AttributeError: 'BBoxWidget' object has no attribute 'get_annotations'

## Step 5: Save Results (Optional)

Save the annotations to a CSV file for later use.

In [None]:
# Save annotations to CSV
if not annotations_df.empty:
    output_file = "audio_annotations.csv"
    annotations_df.to_csv(output_file, index=False)
    print(f"Annotations saved to: {output_file}")
else:
    print("No annotations to save.")

## Step 6: Verification

Let us verify that the coordinate conversion is working correctly by checking the spectrogram properties.

In [None]:
# Display spectrogram properties
print("=== Spectrogram Properties ===")
print(f"Time axis range: {annotator.time_axis[0]:.2f}s - {annotator.time_axis[-1]:.2f}s")
print(f"Frequency axis range: {annotator.freq_axis[0]:.1f} - {annotator.freq_axis[-1]:.1f} Hz")
print(f"Image dimensions: {annotator.image_width} x {annotator.image_height} pixels")
print(f"Spectrogram shape: {annotator.spec_data.shape}")

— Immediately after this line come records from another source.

(* Consider conditional probability table (CPT) Bayesian networks on $m$ nodes as described in the context, for an ensemble $\mathcal{G}$ of DAGs on $[m]$ and parameter maps $\mathcal{P}(\mathcal{G})$, and suppose $\theta_{\min}>0$. Then $$\Delta_{\max}:=\max_{i\in[m]}\max_{G\in\mathcal{G}}\sup_{\Theta\in\mathcal{P}(\mathcal{G})}\mathbb{E}_{X_{\pi_i(G)}}[\Delta(\eta_i,\eta_0)]\le 4\log(1/\theta_{\min}),\qquad \sup_{\Theta\in\mathcal{P}(\mathcal{G})}I(S;G\mid\Theta)\le 4nm\log(1/\theta_{\min}).$$
   Context: Each $X_i$ takes values in $[v]$. Given a DAG $G$ and parameter map $\Theta$, node $i$ has a conditional probability table $\Theta_i^G:[v]^{|\pi_i(G)|}\to\Delta_v$ (the probability simplex), and $P(X_i=j\mid X_{\pi_i(G)}=x)=\theta^G_{ij}(x)$; the reference distribution $P_i(\varnothing,\Theta)$ is the table the parameter map assigns to node $i$ when it has no parents. The joint distribution is $\prod_iP_i(x_i\mid x_{\pi_i(G)})$; $S$ is $n$ i.i.d. samples from it; $I(S;G\mid\Theta)$ is the mutual information between $S$ and $G$ with $G$ uniform on $\mathcal{G}$ and $\Theta$ fixed. Viewing the categorical distribution as an exponential family with sufficient statistic $T(x)=(\mathbf{1}[x=j])_{j=1}^v$ and natural parameter $(\log\theta_j)_{j=1}^v$, $\eta_i=(\log\theta^G_{ij}(X_{\pi_i(G)}))_j$ and $\eta_0$ is the natural parameter of $P_i(\varnothing,\Theta)$; $\Delta(\eta_1,\eta_2)=(\eta_1-\eta_2)^T(\tau(\eta_1)-\tau(\eta_2))$ where $\tau$ is the expected sufficient statistic (the probability vector). $\mathbb{E}_{X_{\pi_i(G)}}$ is expectation over the parents' values under the network's distribution. $\theta_{\min}:=\inf_{\Theta}\min_{G}\min_{i}\min_{x}\min_{j}\theta^G_{ij}(x)$, the minimum probability entry over all tables used, including the parentless tables $P_i(\varnothing,\Theta)$. *)

theory Defs
  imports Complex_Main "HOL-Library.FuncSet"
begin

text \<open>Nodes are 0..<m, values are 0..<v. A DAG is represented by its parent
function G :: nat => nat set (G i = parents of node i; G i = {} for i >= m).
A parameter map Theta assigns to node i, parent set S and parent assignment x
the conditional probability Theta i S x j of X_i = j. The assignment x is passed
restricted to S (zero elsewhere). The reference (parentless) table of node i is
Theta i {} (\<lambda>_. 0).\<close>

type_synonym dag = "nat \<Rightarrow> nat set"
type_synonym param_map = "nat \<Rightarrow> nat set \<Rightarrow> (nat \<Rightarrow> nat) \<Rightarrow> nat \<Rightarrow> real"

definition is_dag :: "nat \<Rightarrow> dag \<Rightarrow> bool" where
  "is_dag m G \<longleftrightarrow> (\<forall>i. (i < m \<longrightarrow> G i \<subseteq> {..<m}) \<and> (m \<le> i \<longrightarrow> G i = {}))
      \<and> acyclic {(j, i). i < m \<and> j \<in> G i}"

definition configs :: "nat \<Rightarrow> nat \<Rightarrow> (nat \<Rightarrow> nat) set" where
  "configs m v = Pi\<^sub>E {..<m} (\<lambda>_. {..<v})"

definition restr :: "nat set \<Rightarrow> (nat \<Rightarrow> nat) \<Rightarrow> nat \<Rightarrow> nat" where
  "restr S x = (\<lambda>k. if k \<in> S then x k else 0)"

definition is_dist :: "nat \<Rightarrow> (nat \<Rightarrow> real) \<Rightarrow> bool" where
  "is_dist v p \<longleftrightarrow> (\<forall>j<v. 0 \<le> p j) \<and> (\<Sum>j<v. p j) = 1"

definition ref_table :: "param_map \<Rightarrow> nat \<Rightarrow> nat \<Rightarrow> real" where
  "ref_table \<Theta> i = \<Theta> i {} (\<lambda>_. 0)"

definition cpd :: "param_map \<Rightarrow> dag \<Rightarrow> nat \<Rightarrow> (nat \<Rightarrow> nat) \<Rightarrow> nat \<Rightarrow> real" where
  "cpd \<Theta> G i x = \<Theta> i (G i) (restr (G i) x)"

definition valid_param :: "nat \<Rightarrow> nat \<Rightarrow> dag set \<Rightarrow> param_map \<Rightarrow> bool" where
  "valid_param m v Gs \<Theta> \<longleftrightarrow>
     (\<forall>i<m. is_dist v (ref_table \<Theta> i)) \<and>
     (\<forall>G\<in>Gs. \<forall>i<m. \<forall>x\<in>configs m v. is_dist v (cpd \<Theta> G i x))"

definition joint :: "nat \<Rightarrow> param_map \<Rightarrow> dag \<Rightarrow> (nat \<Rightarrow> nat) \<Rightarrow> real" where
  "joint m \<Theta> G x = (\<Prod>i<m. cpd \<Theta> G i x (x i))"

text \<open>Delta(eta_1, eta_2) = (eta_1 - eta_2)^T (tau(eta_1) - tau(eta_2)) for the
categorical family: natural parameters (ln p_j)_j, mean parameters (p_j)_j.\<close>
definition delta :: "nat \<Rightarrow> (nat \<Rightarrow> real) \<Rightarrow> (nat \<Rightarrow> real) \<Rightarrow> real" where
  "delta v p q = (\<Sum>j<v. (ln (p j) - ln (q j)) * (p j - q j))"

text \<open>E_{X_{pi_i(G)}}[Delta(eta_i, eta_0)] under the network distribution of (G, Theta).\<close>
definition exp_delta :: "nat \<Rightarrow> nat \<Rightarrow> param_map \<Rightarrow> dag \<Rightarrow> nat \<Rightarrow> real" where
  "exp_delta m v \<Theta> G i =
     (\<Sum>x\<in>configs m v. joint m \<Theta> G x * delta v (cpd \<Theta> G i x) (ref_table \<Theta> i))"

definition theta_min :: "nat \<Rightarrow> nat \<Rightarrow> dag set \<Rightarrow> param_map set \<Rightarrow> real" where
  "theta_min m v Gs Ps = Inf
     ({cpd \<Theta> G i x j | \<Theta> G i x j. \<Theta> \<in> Ps \<and> G \<in> Gs \<and> i < m \<and> x \<in> configs m v \<and> j < v}
      \<union> {ref_table \<Theta> i j | \<Theta> i j. \<Theta> \<in> Ps \<and> i < m \<and> j < v})"

definition samples :: "nat \<Rightarrow> nat \<Rightarrow> nat \<Rightarrow> (nat \<Rightarrow> nat \<Rightarrow> nat) set" where
  "samples m v n = Pi\<^sub>E {..<n} (\<lambda>_. configs m v)"

definition sample_prob :: "nat \<Rightarrow> nat \<Rightarrow> param_map \<Rightarrow> dag \<Rightarrow> (nat \<Rightarrow> nat \<Rightarrow> nat) \<Rightarrow> real" where
  "sample_prob m n \<Theta> G s = (\<Prod>t<n. joint m \<Theta> G (s t))"

text \<open>I(S; G | Theta) with G uniform on Gs and S = n i.i.d. samples (natural log,
convention 0 ln 0 = 0).\<close>
definition mutual_info :: "nat \<Rightarrow> nat \<Rightarrow> nat \<Rightarrow> dag set \<Rightarrow> param_map \<Rightarrow> real" where
  "mutual_info m v n Gs \<Theta> =
     (\<Sum>G\<in>Gs. \<Sum>s\<in>samples m v n.
        (let p = sample_prob m n \<Theta> G s;
             q = (\<Sum>G'\<in>Gs. sample_prob m n \<Theta> G' s) / real (card Gs)
         in (1 / real (card Gs)) * (if p = 0 then 0 else p * ln (p / q))))"

end

theory Submission
  imports Defs
begin

text \<open>All CPT entries lie in \<open>[t, 1]\<close>, so two of them have
log-ratio of absolute value at most \<open>ln (1/t)\<close>; hence
\<open>\<Delta>(p, q) = \<Sum>\<^sub>j (ln p\<^sub>j - ln q\<^sub>j) (p\<^sub>j - q\<^sub>j) \<le> ln (1/t) \<Sum>\<^sub>j (p\<^sub>j + q\<^sub>j) = 2 ln (1/t)\<close>.
Averaging over the parents preserves this bound because the network distribution is normalised:
sum out a sink of the DAG, whose CPT sums to one, and recurse. For the mutual information, the
probability of \<open>n\<close> samples under every DAG lies in \<open>[t\<^sup>m\<^sup>n, 1]\<close>, hence so does its average over the
ensemble, and every log-likelihood ratio in the divergence is at most \<open>nm ln (1/t)\<close>. The
constants obtained are thus 2 and 1 in place of 4.\<close>

lemma is_dist_le_one: "is_dist v p \<Longrightarrow> j < v \<Longrightarrow> p j \<le> 1"
  unfolding is_dist_def using member_le_sum[of j "{..<v}" p] by auto

lemma is_dist_imp_pos: "is_dist v p \<Longrightarrow> 0 < v"
  unfolding is_dist_def by (cases v) auto

lemma delta_le_two_ln:
  assumes p: "is_dist v p" and q: "is_dist v q" and t: "0 < t"
    and p_ge: "\<forall>j<v. t \<le> p j" and q_ge: "\<forall>j<v. t \<le> q j"
  shows "delta v p q \<le> 2 * ln (1 / t)"
proof -
  have term_le: "(ln (p j) - ln (q j)) * (p j - q j) \<le> ln (1 / t) * (p j + q j)" if j: "j < v" for j
  proof -
    have "ln t \<le> ln (p j)" "ln t \<le> ln (q j)" "ln (p j) \<le> 0" "ln (q j) \<le> 0"
      using p_ge q_ge is_dist_le_one[OF p j] is_dist_le_one[OF q j] j t by auto
    hence ln_diff: "\<bar>ln (p j) - ln (q j)\<bar> \<le> ln (1 / t)"
      using t by (simp add: ln_div)
    have "\<bar>p j - q j\<bar> \<le> p j + q j"
      using p_ge q_ge j t by force
    hence "\<bar>ln (p j) - ln (q j)\<bar> * \<bar>p j - q j\<bar> \<le> ln (1 / t) * (p j + q j)"
      using ln_diff by (intro mult_mono) auto
    thus ?thesis
      by (metis abs_ge_self abs_mult order_trans)
  qed
  have "delta v p q \<le> (\<Sum>j<v. ln (1 / t) * (p j + q j))"
    unfolding delta_def using term_le by (intro sum_mono) auto
  also have "\<dots> = 2 * ln (1 / t)"
    using p q unfolding is_dist_def by (simp add: sum_distrib_left[symmetric] sum.distrib)
  finally show ?thesis .
qed

lemma sum_PiE_insert:
  fixes f :: "('a \<Rightarrow> 'b) \<Rightarrow> 'c::comm_monoid_add"
  assumes "k \<notin> M"
  shows "(\<Sum>x\<in>PiE (insert k M) B. f x) = (\<Sum>y\<in>PiE M B. \<Sum>j\<in>B k. f (y(k := j)))"
proof -
  have "(\<Sum>x\<in>PiE (insert k M) B. f x) = (\<Sum>(j, y)\<in>B k \<times> PiE M B. f (y(k := j)))"
    unfolding PiE_insert_eq using inj_combinator[OF assms]
    by (subst sum.reindex) (auto simp: case_prod_unfold)
  also have "\<dots> = (\<Sum>y\<in>PiE M B. \<Sum>j\<in>B k. f (y(k := j)))"
    by (simp add: sum.cartesian_product[symmetric] sum.swap[of _ "B k"])
  finally show ?thesis .
qed

lemma finite_acyclic_obtain_sink:
  assumes "finite R" "acyclic R" "N \<noteq> {}"
  obtains k where "k \<in> N" "\<forall>i\<in>N. (k, i) \<notin> R"
proof -
  have "wf (R\<inverse>)"
    using assms(1,2) by (rule finite_acyclic_wf_converse)
  then obtain k where "k \<in> N" "\<forall>i. (i, k) \<in> R\<inverse> \<longrightarrow> i \<notin> N"
    using assms(3) unfolding wf_eq_minimal by (metis ex_in_conv)
  thus thesis using that by auto
qed

lemma cpd_cong: "(\<And>k. k \<in> G i \<Longrightarrow> x k = y k) \<Longrightarrow> cpd \<Theta> G i x = cpd \<Theta> G i y"
  unfolding cpd_def restr_def by (metis (no_types, lifting))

# Show a sample of the time and frequency axes
print("\n=== Sample Time Axis (first 5 values) ===")
print(annotator.time_axis[:5])

print("\n=== Sample Frequency Axis (first 5 values) ===")
print(annotator.freq_axis[:5])

## Summary

This notebook successfully:

1. ✅ **Loaded audio file** using OpenSoundscape with bandpass filtering
2. ✅ **Created spectrogram** and extracted time/frequency axes
3. ✅ **Saved spectrogram** as PNG with known dimensions
4. ✅ **Loaded the image** for annotation
5. ✅ **Created bounding box widget** with predefined classes
6. ✅ **Generated DataFrame** with columns: 

The coordinate conversion ensures that the bounding box coordinates in the image are properly converted to the original audio time and frequency scales.